Tickets were also given to people from across the caste matrix, including OBCs, Brahmins and Thakurs.

He also convinced then BJP President Rajnath Singh to let PM Modi contest from Varanasi. Not only is Varanasi the midway point of the tract comprising Uttar Pradesh and Bihar, it’s also the holiest city for Hindus. The place to attend Moksha was the perfect constituency to signal the end of Nehru’s India.

Becoming BJP President

As Modi became the PM, BJP’s Central Parliamentary committee unanimously made him president in 2014, and he was re-elected in 2016. Under him BJP won the states of Maharashtra, Haryana, Jammu and Kashmir, Jharkhand and Assam, losing Delhi and Bihar.

He was instrumental again in 2017 as BJP smashed the caste dynamics of UP to emerge as the single largest party. BJP also won in Uttarakhand, Manipur, managed to hold on to Gujarat despite massive anti-incumbency, picked up Tripura and also formed governments in Nagaland and Meghalaya. Ahead of the 2019 elections, Shah had asked for 300 plus seats, which sounded outrage, but BJP delivered 303, the first party to cross 300 since 1984 when Rajiv Gandhi managed 404 seats.

Post-2019

Arvind Kejriwal had warned before the 2019 elections – much the delight of BJP fans – that Amit Shah would become Home Minister.

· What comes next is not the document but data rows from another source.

definition Gamma_sym ::
  "ultra_kind \<Rightarrow> (nat \<Rightarrow> real) \<Rightarrow> (nat \<Rightarrow> real) \<Rightarrow> real
     \<Rightarrow> ((real^'n::finite) \<times> (real^'n) \<Rightarrow> complex) \<Rightarrow> bool" where
  "Gamma_sym k M A \<rho> a \<longleftrightarrow> smooth2 a \<and>
     (case k of
        Beurling \<Rightarrow> (\<exists>m>0. \<forall>h>0. gamma_bound M A \<rho> a h m)
      | Roumieu \<Rightarrow> (\<exists>h>0. \<forall>m>0. gamma_bound M A \<rho> a h m))"

definition hypo_lower ::
  "ultra_kind \<Rightarrow> (nat \<Rightarrow> real) \<Rightarrow> real \<Rightarrow> ((real^'n::finite) \<times> (real^'n) \<Rightarrow> complex) \<Rightarrow> bool" where
  "hypo_lower k M B a \<longleftrightarrow>
     (let P = (\<lambda>c m. \<forall>x \<xi>. (x, \<xi>) \<in> QBc B \<longrightarrow>
                 norm (a (x, \<xi>)) \<ge> c * exp (- assoc_fun M (m * norm x) - assoc_fun M (m * norm \<xi>)))
      in case k of
        Beurling \<Rightarrow> (\<exists>c>0. \<exists>m>0. P c m)
      | Roumieu \<Rightarrow> (\<forall>m>0. \<exists>c>0. P c m))"

definition deriv_est ::
  "(nat \<Rightarrow> real) \<Rightarrow> real \<Rightarrow> real \<Rightarrow> real \<Rightarrow> real \<Rightarrow> ((real^'n::finite) \<times> (real^'n) \<Rightarrow> complex) \<Rightarrow> bool" where
  "deriv_est A \<rho> B h C a \<longleftrightarrow> (\<forall>\<alpha> \<beta> z. z \<in> QBc B \<longrightarrow>
     norm (Dxi \<alpha> (Dx \<beta> a) z) \<le> C * h ^ (mi_abs \<alpha> + mi_abs \<beta>) * norm (a z)
        * A (mi_abs \<alpha>) * A (mi_abs \<beta>) / jbr z powr (\<rho> * real (mi_abs \<alpha> + mi_abs \<beta>)))"

definition hypo_upper ::
  "ultra_kind \<Rightarrow> (nat \<Rightarrow> real) \<Rightarrow> real \<Rightarrow> real \<Rightarrow> ((real^'n::finite) \<times> (real^'n) \<Rightarrow> complex) \<Rightarrow> bool" where
  "hypo_upper k A \<rho> B a \<longleftrightarrow>
     (case k of
        Beurling \<Rightarrow> (\<forall>h>0. \<exists>C>0. deriv_est A \<rho> B h C a)
      | Roumieu \<Rightarrow> (\<exists>h>0. \<exists>C>0. deriv_est A \<rho> B h C a))"

definition hypoelliptic ::
  "ultra_kind \<Rightarrow> (nat \<Rightarrow> real) \<Rightarrow> (nat \<Rightarrow> real) \<Rightarrow> real
     \<Rightarrow> ((real^'n::finite) \<times> (real^'n) \<Rightarrow> complex) \<Rightarrow> bool" where
  "hypoelliptic k M A \<rho> a \<longleftrightarrow> Gamma_sym k M A \<rho> a \<and>
     (\<exists>B>0. hypo_lower k M B a) \<and> (\<exists>B>0. hypo_upper k A \<rho> B a)"

end

theory Submission
  imports Defs "HOL-Library.Multiset"
begin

That prediction turned out to be true as Shah reprised the role he had taken in the Gujarat cabinet.

As Home Minister, he oversaw the implementation of one of BJP’s top three core promises – Article 370 Abrogation. It did so by first getting rid of PDP and then raising Article 35 A as a Dalit rights issue. Then came the Jammu and Kashmir Reservation Bill for the 10% marginalised.

With it came the rider, that the Governor could act as the Local Assembly if there wasn’t a functioning one. Co-incidentally, Governor Satya Pal Malik's fax machine stopped ‘functioning’ on a holiday, and he couldn’t get the letter stating NC and PDP had joined hands.

It was a fax paus (so sorry) that changed the state’s politics forever.

Abhijit Iyer Mitra in his Daily O column called it 4D Chess noting: “What happened in Parliament today was not some badly thought-out electoral promise but the culmination of a 4D chess game that Amit Shah had conceived of in 2014, while his opponents were playing Tic-Tac-Toe and were busy posturing. In the end, it turned out game, set and match Amit Shah, with the Muftis and Omars none the wiser as to how a man they don’t consider their social or intellectual equal ran rings around them.”

While one can debate the implementation of the order, there’s no denying that Amit Shah again showed his detractors and fans why he’s earned the ‘Chanakya’ sobriquet.